From 2006 to 2018, Dietz was faculty at the University of Texas at Austin in the Department of Theatre and Dance. At UT/Austin, Dietz created an annual new play showcase, as well as co-created a new MFA Directing program. Among his students were Luke Leonard, George Brant, Martin Zimmerman, and Abe Koogler.

Dietz is described as a versatile and prodigious playwright: Robert Faires wrote in 2008, "His output is prodigious, some 30 plays in 25 years, and at a point when other playwrights might be winding down, he still steadily generates a couple of plays a year." Dietz's plays are frequently produced in regional theaters.

Dietz's play *Shooting Star* was adapted by Dietz, Kirk Lynn, and Meg Ryan for the film What Happens Later.

== Awards ==
Dietz is the recipient of the PEN Center USA Award in Drama (for Lonely Planet in 1994); a grant from the Kennedy Center Fund for New American Plays (Fiction and Still Life With Iris); and the 2007 Edgar Allan Poe Award for Best (Mystery) Play (Sherlock Holmes: The Final Adventure). He was awarded a New Play citation in 2016 from the American Theatre Critics Association for Bloomsday.

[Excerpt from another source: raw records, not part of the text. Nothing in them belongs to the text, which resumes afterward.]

text \<open>An unconditionally fair run of \<open>(A,B)\<^bsup>(1,n)\<^esup>\<close> is simulated in
  \<open>(A,B)\<^bsup>(1,2|B|)\<^esup>\<close>. \<open>A\<close> and \<open>B\<^sub>1\<close> are copied, and each of the other \<open>2|B| - 1\<close>
  processes is a token that at every moment plays one of three roles: it holds a state \<open>q\<close> of \<open>B\<close>
  that occurs in the run (shadowing the process that first reaches \<open>q\<close>, and the process that
  last leaves it once \<open>q\<close> is no longer needed), it follows a process, or it pads by following
  \<open>B\<^sub>1\<close>. Holders keep every state of the big system present in the small one, so disjunctive
  guards stay satisfied. A holder of a state that stays needed forever would never move by
  itself; it swaps roles with a follower whenever that follower leaves the held state, which
  makes every token move infinitely often. Counting shows that \<open>|B|\<close> holders and fewer than
  \<open>|B|\<close> followers suffice.

  Tokens move together with the process they shadow, so several processes move in one step of
  the simulation; sequentializing these batches gives a genuine run whose labelling by \<open>A\<close> and
  \<open>B\<^sub>1\<close> is a stutter sampling of the original one, and LTL without next does not see the
  difference.\<close>

section \<open>Stuttering\<close>

definition stutter_sampling :: "(nat \<Rightarrow> nat) \<Rightarrow> (nat \<Rightarrow> 'b) \<Rightarrow> (nat \<Rightarrow> 'b) \<Rightarrow> bool" where
  "stutter_sampling \<psi> w w' \<longleftrightarrow> mono \<psi> \<and> \<psi> 0 = 0 \<and> (\<forall>u. \<exists>i. u < \<psi> i) \<and>
     (\<forall>i. w' i = w (\<psi> i)) \<and> (\<forall>i u. \<psi> i \<le> u \<and> u < \<psi> (Suc i) \<longrightarrow> w u = w (\<psi> i))"

lemma stutter_samplingI:
  assumes "mono \<psi>" "\<psi> 0 = 0" "\<And>u. \<exists>i. u < \<psi> i" "\<And>i. w' i = w (\<psi> i)"
    and "\<And>i u. \<psi> i \<le> u \<Longrightarrow> u < \<psi> (Suc i) \<Longrightarrow> w u = w (\<psi> i)"
  shows "stutter_sampling \<psi> w w'"
  using assms unfolding stutter_sampling_def by blast

lemma stutter_samplingD:
  assumes "stutter_sampling \<psi> w w'"
  shows "mono \<psi>" "\<psi> 0 = 0" "\<exists>i. u < \<psi> i" "w' i = w (\<psi> i)"
    and "\<psi> i \<le> u \<Longrightarrow> u < \<psi> (Suc i) \<Longrightarrow> w u = w (\<psi> i)"
  using assms unfolding stutter_sampling_def by auto

lemma stutter_sampling_block:
  assumes "stutter_sampling \<psi> w w'"
  obtains j where "\<psi> j \<le> u" "u < \<psi> (Suc j)"
proof -
  obtain i where "u < \<psi> i" using stutter_samplingD(3)[OF assms] by blast
  moreover have "\<not> u < \<psi> 0" using stutter_samplingD(2)[OF assms] by simp
  ultimately obtain k where "\<forall>i\<le>k. \<not> u < \<psi> i" "u < \<psi> (Suc k)"
    using ex_least_nat_less[of "\<lambda>i. u < \<psi> i"] by auto
  then show thesis using that[of k] by (simp add: not_less)
qed

lemma stutter_sampling_suffix:
  assumes st: "stutter_sampling \<psi> w w'" and u: "\<psi> j \<le> u" "u < \<psi> (Suc j) \<or> u = \<psi> j"
  shows "stutter_sampling (\<lambda>x. if x = 0 then 0 else \<psi> (x + j) - u) (\<lambda>i. w (i + u)) (\<lambda>i. w' (i + j))"
    (is "stutter_sampling ?\<phi> _ _")
proof -
  note m = stutter_samplingD(1)[OF st] and blk = stutter_samplingD(5)[OF st]
  have ge: "u \<le> \<psi> (x + j)" if "x \<ge> 1" for x
    using u monoD[OF m, of "Suc j" "x + j"] monoD[OF m, of j "Suc j"] that by auto
  have wu: "w u = w (\<psi> j)" using u blk[of j u] by auto
  show ?thesis
  proof (rule stutter_samplingI)
    show "mono ?\<phi>"
      by (rule monoI) (simp add: monoD[OF m] diff_le_mono)
    show "w' (i + j) = w (?\<phi> i + u)" for i
      using stutter_samplingD(4)[OF st] wu ge[of i] by (cases "i = 0") simp_all
    show "w (v + u) = w (?\<phi> i + u)" if v: "?\<phi> i \<le> v" "v < ?\<phi> (Suc i)" for i v
    proof (cases "i = 0")
      case True
      then have "v + u < \<psi> (Suc j)" using v ge[of 1] by simp
      then have "w (v + u) = w (\<psi> j)" using u(1) by (intro blk) simp_all
      then show ?thesis using True wu by simp
    next
      case False
      then have "\<psi> (i + j) \<le> v + u" "v + u < \<psi> (Suc (i + j))"
        using v ge[of i] ge[of "Suc i"] by simp_all
      then have "w (v + u) = w (\<psi> (i + j))" by (rule blk)
      then show ?thesis using False ge[of i] by simp
    qed
    show "\<exists>i. v < ?\<phi> i" for v
    proof -
      obtain i where "v + u < \<psi> i" using stutter_samplingD(3)[OF st] by blast
      moreover have "\<psi> i \<le> \<psi> (i + 1 + j)" by (rule monoD[OF m]) simp
      ultimately show ?thesis by (intro exI[of _ "i + 1"]) simp
    qed
  qed simp
qed

context
  fixes \<psi> :: "nat \<Rightarrow> nat" and w w' :: "nat \<Rightarrow> 'b" and f1 f2 :: "(nat \<Rightarrow> 'b) \<Rightarrow> bool"
  assumes st: "stutter_sampling \<psi> w w'"
    and suffix: "\<And>j u. \<psi> j \<le> u \<Longrightarrow> u < \<psi> (Suc j) \<or> u = \<psi> j \<Longrightarrow>
      (f1 (\<lambda>i. w' (i + j)) \<longleftrightarrow> f1 (\<lambda>i. w (i + u))) \<and> (f2 (\<lambda>i. w' (i + j)) \<longleftrightarrow> f2 (\<lambda>i. w (i + u)))"
begin

lemma until_stutter_sampling_down:
  assumes k2: "f2 (\<lambda>i. w' (i + k))" and k1: "\<forall>j<k. f1 (\<lambda>i. w' (i + j))"
  shows "\<exists>k. f2 (\<lambda>i. w (i + k)) \<and> (\<forall>j<k. f1 (\<lambda>i. w (i + j)))"
proof (intro exI conjI allI impI)
  show "f2 (\<lambda>i. w (i + \<psi> k))" using suffix[of k "\<psi> k"] k2 by simp
  fix v assume v: "v < \<psi> k"
  obtain j where j: "\<psi> j \<le> v" "v < \<psi> (Suc j)" using stutter_sampling_block[OF st] by blast
  have "j < k" using j v monoD[OF stutter_samplingD(1)[OF st], of k j] by (cases "j < k") auto
  then show "f1 (\<lambda>i. w (i + v))" using suffix[of j v] j k1 by simp
qed

lemma until_stutter_sampling_up:
  assumes v2: "f2 (\<lambda>i. w (i + v))" and v1: "\<forall>j<v. f1 (\<lambda>i. w (i + j))"
  shows "\<exists>k. f2 (\<lambda>i. w' (i + k)) \<and> (\<forall>j<k. f1 (\<lambda>i. w' (i + j)))"
proof -
  txt \<open>The first sample point whose block reaches \<open>v\<close>; all earlier samples lie strictly before \<open>v\<close>.\<close>
  define k where "k = (LEAST j. v \<le> \<psi> j \<or> v < \<psi> (Suc j))"
  obtain j0 where "\<psi> j0 \<le> v" "v < \<psi> (Suc j0)" using stutter_sampling_block[OF st] by blast
  then have "v \<le> \<psi> j0 \<or> v < \<psi> (Suc j0)" by simp
  then have k: "v \<le> \<psi> k \<or> v < \<psi> (Suc k)" unfolding k_def by (rule LeastI)
  have before: "\<psi> j < v \<and> \<psi> (Suc j) \<le> v" if "j < k" for j
    using not_less_Least[OF that[unfolded k_def]] by (simp add: k_def not_le)
  have "\<psi> k \<le> v" using stutter_samplingD(2)[OF st] before[of "k - 1"] by (cases k) auto
  then have "f2 (\<lambda>i. w' (i + k))" using suffix[of k v] k v2 by auto
  moreover have "f1 (\<lambda>i. w' (i + j))" if "j < k" for j
    using suffix[of j "\<psi> j"] v1 before[OF that] by simp
  ultimately show ?thesis by auto
qed

end

lemma ltlx_sem_stutter_sampling:
  "stutter_sampling \<psi> w w' \<Longrightarrow> ltlx_sem w' \<phi> = ltlx_sem w \<phi>"
proof (induction \<phi> arbitrary: \<psi> w w')
  case (Prop a)
  then show ?case using stutter_samplingD(2,4)[OF Prop.prems] by simp
next
  case (UntilF \<phi>1 \<phi>2)
  have "(ltlx_sem (\<lambda>i. w' (i + j)) \<phi>1 \<longleftrightarrow> ltlx_sem (\<lambda>i. w (i + u)) \<phi>1) \<and>
      (ltlx_sem (\<lambda>i. w' (i + j)) \<phi>2 \<longleftrightarrow> ltlx_sem (\<lambda>i. w (i + u)) \<phi>2)"
    if "\<psi> j \<le> u" "u < \<psi> (Suc j) \<or> u = \<psi> j" for j u
    using UntilF.IH[OF stutter_sampling_suffix[OF UntilF.prems that]] by simp
  from until_stutter_sampling_down[OF UntilF.prems this]
    until_stutter_sampling_up[OF UntilF.prems this]
  show ?case by auto
qed simp_all

section \<open>Sequentializing batched runs\<close>

lemma nat_step_const_interval:
  assumes "\<And>v. a \<le> v \<Longrightarrow> Suc v < b \<Longrightarrow> f (Suc v) = f v" and "a \<le> u" "u < b"
  shows "f u = f a"
  using assms(2,3)
proof (induction u rule: dec_induct)
  case (step v)
  then show ?case using assms(1)[of v] by simp
qed simp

According to the Theatre Communications Group, Dietz was in the top 20 most produced playwrights in the 2019–2020 season (with nine productions) and the 2024–2025 season (with eight productions).

== Personal life ==
As of 2018, Dietz is married to fellow playwright Allison Gregory. They live in both Seattle and Austin, Texas.

==Works==

===Original plays (by year of first production)===
- Brothers and Sisters (1981)
- Railroad Tales (1983)
- Random Acts (1983)
- Wanderlust (1984)
- More Fun Than Bowling (1986)
- Painting It Red (1986) (music by Gary Rue and Leslie Ball)
- Burning Desire (1987) (short play)
- Foolin' Around with Infinity (1987)
- Ten November (1987) (music by Eric Bain Peltoniemi)
- God's Country (1988) (Revised: 2021)
- Happenstance (1989) (music by Eric Bain Peltoniemi)
- After You (1990) (short play)
- Halcyon Days (1991)
- To The Nines (1991) (short play)
- Trust (1992)
- Lonely Planet (1993)
- Handing Down the Names (1994)
- The Nina Variations (1996) (variations on the last scene of Chekhov's The Seagull)
- Private Eyes (1996)
- Still Life with Iris (1997)
- Rocket Man (1998)
- Fiction (2002)
- Left to Right (2002) (short)
- Inventing van Gogh (2004)
- Last of the Boys (2004)
- The Spot (2004) (short)
- September Call-Up (2006) (short)
- Yankee Tavern (2007)
- Shooting Star (2008)
- Becky's New Car (2008)
- Rancho Mirage (2012)
- Mad Beat Hip & Gone (2013)
- On Clover Road (2015)
- Bloomsday (2015)
- This Random World (2016)
- Drive All Night (2018) (short)
- The Great Beyond (2019)
- The Ghost of Splinter Cove (2019)
- How a Boy Falls (2020)

===Plays adapted from other sources===
- The Rememberer (1994) (from the unpublished memoirs of Joyce Simmons Cheeka)
- Silence (1995) (from Shusaku Endo's novel)
- Dracula (1996) (from Bram Stoker)
- Force of Nature (1999) (after Elective Affinities by Goethe)
- Go, Dog. Go! (2003) (from the children's book) – a musical adaptation co-written with his wife, Allison Gregory.
- Over The Moon (2003) (after "The Small Bachelor" by P.G. Wodehouse)
- Paragon Springs (2004) (from "An Enemy of the People" by Ibsen)
- Honus & Me (2005) (from Dan Gutman)
- Sherlock Holmes: The Final Adventure (2006) (from William Gillette and Arthur Conan Doyle)
- Jackie & Me (2013) (from Dan Gutman)
- American la Ronde (2017) (from Arthur Schnitzler's 1900 play, Reigen or La Ronde)
- Dracula: Mina's Quest (2019) (from Bram Stoker)
- Murder on the Links (2023) (from Agatha Christie)
- Gaslight (2023) (from Patrick Hamilton)
- Peril in the Alps (2024) (from Agatha Christie)

=== Screenplays ===

- What Happens Later (2023) (from Shooting Star)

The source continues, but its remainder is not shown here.